= Disparus de l'Isère =

Series of missing child cases in France

Disparus de l'Isère (literally "Disappeared of the Isère") is the collective name given to between nine and twelve disappearances of children in the French département of Isère between 1983 and 1996. Some children were murdered, one was attacked, but survived and others have never been found.

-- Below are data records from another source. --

lemma embeddable_Luk_pair_1:
  assumes fin: "finite I" "finite J" and nz: "0 \<notin> I" "0 \<notin> J"
    and red: "reduced I J" and J: "1 \<in> J"
  shows "embeddable_into (Luk_pair 1 1) (A_Delta I J) (B_Delta I J)"
proof -
  define N where "N = Suc (Max (I \<union> J))"
  define c where "c d = (if d = (1, 0, 0) then 1 else 0 :: int)" for d :: "nat \<times> nat \<times> nat"
  define e where "e d = (if d = (1, 0, 0) then -1 else 0 :: int)" for d :: "nat \<times> nat \<times> nat"
  have N2: "2 \<le> N" using J fin Max_ge[of "I \<union> J" 1] by (simp add: N_def)
  have g: "half_unimodular (1, 1) (0, 1)" by (simp add: half_unimodular_def lex_le_iff det_def)
  have "(1, 0, 0) \<in> Delta I J" using J by (intro Delta_memI) (auto simp: divisors_of_def)
  moreover have "geval (comp_unit d) (gbar d) (tguard N Var Var)
      = (if d \<in> {(1, 0, 0), (1, 0, 2)} then lin (c d) (e d) (0, 1) else comp_unit d)"
    if "d \<in> Delta I J" for d
  proof -
    obtain k h i where d: "d = (k, h, i)" "h < k" "coprime k h"
      and ki: "i = 2 \<and> k \<in> divisors_of I \<or> i \<le> 1 \<and> k \<in> divisors_of J"
      using \<open>d \<in> Delta I J\<close> by (rule Delta_cases)
    have "k \<le> Max (I \<union> J)" using Delta_fst_le_Max[OF fin nz] that d by simp
    then have "int k < int N" by (simp add: N_def)
    moreover have "i = 2 \<or> k = 1 \<and> i \<le> 1" using ki reduced_divisors_of_J[OF red J] by auto
    ultimately show ?thesis
      using geval_tguard_Var_comp[OF d(2,3) _ N2] d by (auto simp: c_def e_def lin_def zero_prod_def)
  qed
  ultimately show ?thesis
    unfolding Luk_pair_eq_Gamma_alg
    using gen_half_unimodular[OF _ g] half_unimodular_bounds[OF g]
    by (intro embeddable_via_term[where S = "{(1, 0, 0), (1, 0, 2)}" and c = c and e = e
        and d_inj = "(1, 0, 0)" and t = "tguard N Var Var"])
      (auto simp: c_def e_def lin_def lex_le_iff)
qed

Only three of the cases (which themselves consist of two separate, unrelated cases) have been solved.

== Victims ==
1. Philippe Pignot, age 13, disappeared 25 May 1980 in La Morte-sur-Isère, never found.
2. Ludovic Janvier, age 6, disappeared 17 March 1983 in Saint-Martin-d'Hères, never found.
3. Grégory Dubrulle, age 7, disappeared 9 July 1983 in Grenoble, found alive the next day with head injuries in a landfill site in Pommiers-la-Placette.
4. Bones of an unidentified child who had been dead for at least several months and possibly several years – found 12 February 1985 in the Vercors Cave System.
5. Anissa Ouadi, age 5, disappeared 25 June 1985 in Grenoble, found strangled and drowned in Beauvoir dam 13 days later.
6. Charazed Bendouiou, age 10, disappeared 8 July 1987 in Bourgoin-Jallieu, never found.
7. Nathalie Boyer, age 15, disappeared 2 August 1988 in Villefontaine, found murdered in Saint-Quentin-Fallavier.
8. Fabrice Ladoux, age 12, disappeared 13 January 1989 in Grenoble, found murdered three days later, sexually attacked and with a head wound, in Quaix-en-Chartreuse in the Chartreuse Mountains.
9. Rachid Bouzian,* age 8, disappeared 3 August 1990 in Échirolles, found murdered the next day. A suspect was apprehended later that month.
10. Sarah Siad,* age 6, disappeared 16 April 1991 in Voreppe, found murdered.
11. Léo Balley, age 6, disappeared 19 July 1996 on the massif du Taillefer, never found.
12. Saïda Berch,* age 10, disappeared 24 November 1996 in Voreppe, found murdered.

== Investigations ==
In the spring of 2008, the authorities created a unit called "Mineurs 38" ("Minors 38" – 38 being the French departmental code for the Isère), comprising several investigators charged with reexamining all the cases.

=== Solved cases ===
1. The murder of Rachid Bouzian was solved shortly after the event. On 23 August 1990, a man who had taken part in the abduction was arrested, and accused his brother (who had by then fled abroad) of instigating the crime. The former was found guilty of abduction and murder and was sentenced to life imprisonment. He died in prison.
2. The murders of Sarah Siad (1991) and Saïda Berch (1996) were solved thanks to DNA profiling. On 25 July 2013, a man (who had been 15 years old at the time of the first murder) was investigated after traces of his DNA turned up at both of the different places where the two bodies were found. The man's profile was on the FNAEG, the French national DNA database, due to having previously been arrested for driving under the influence and driving without insurance.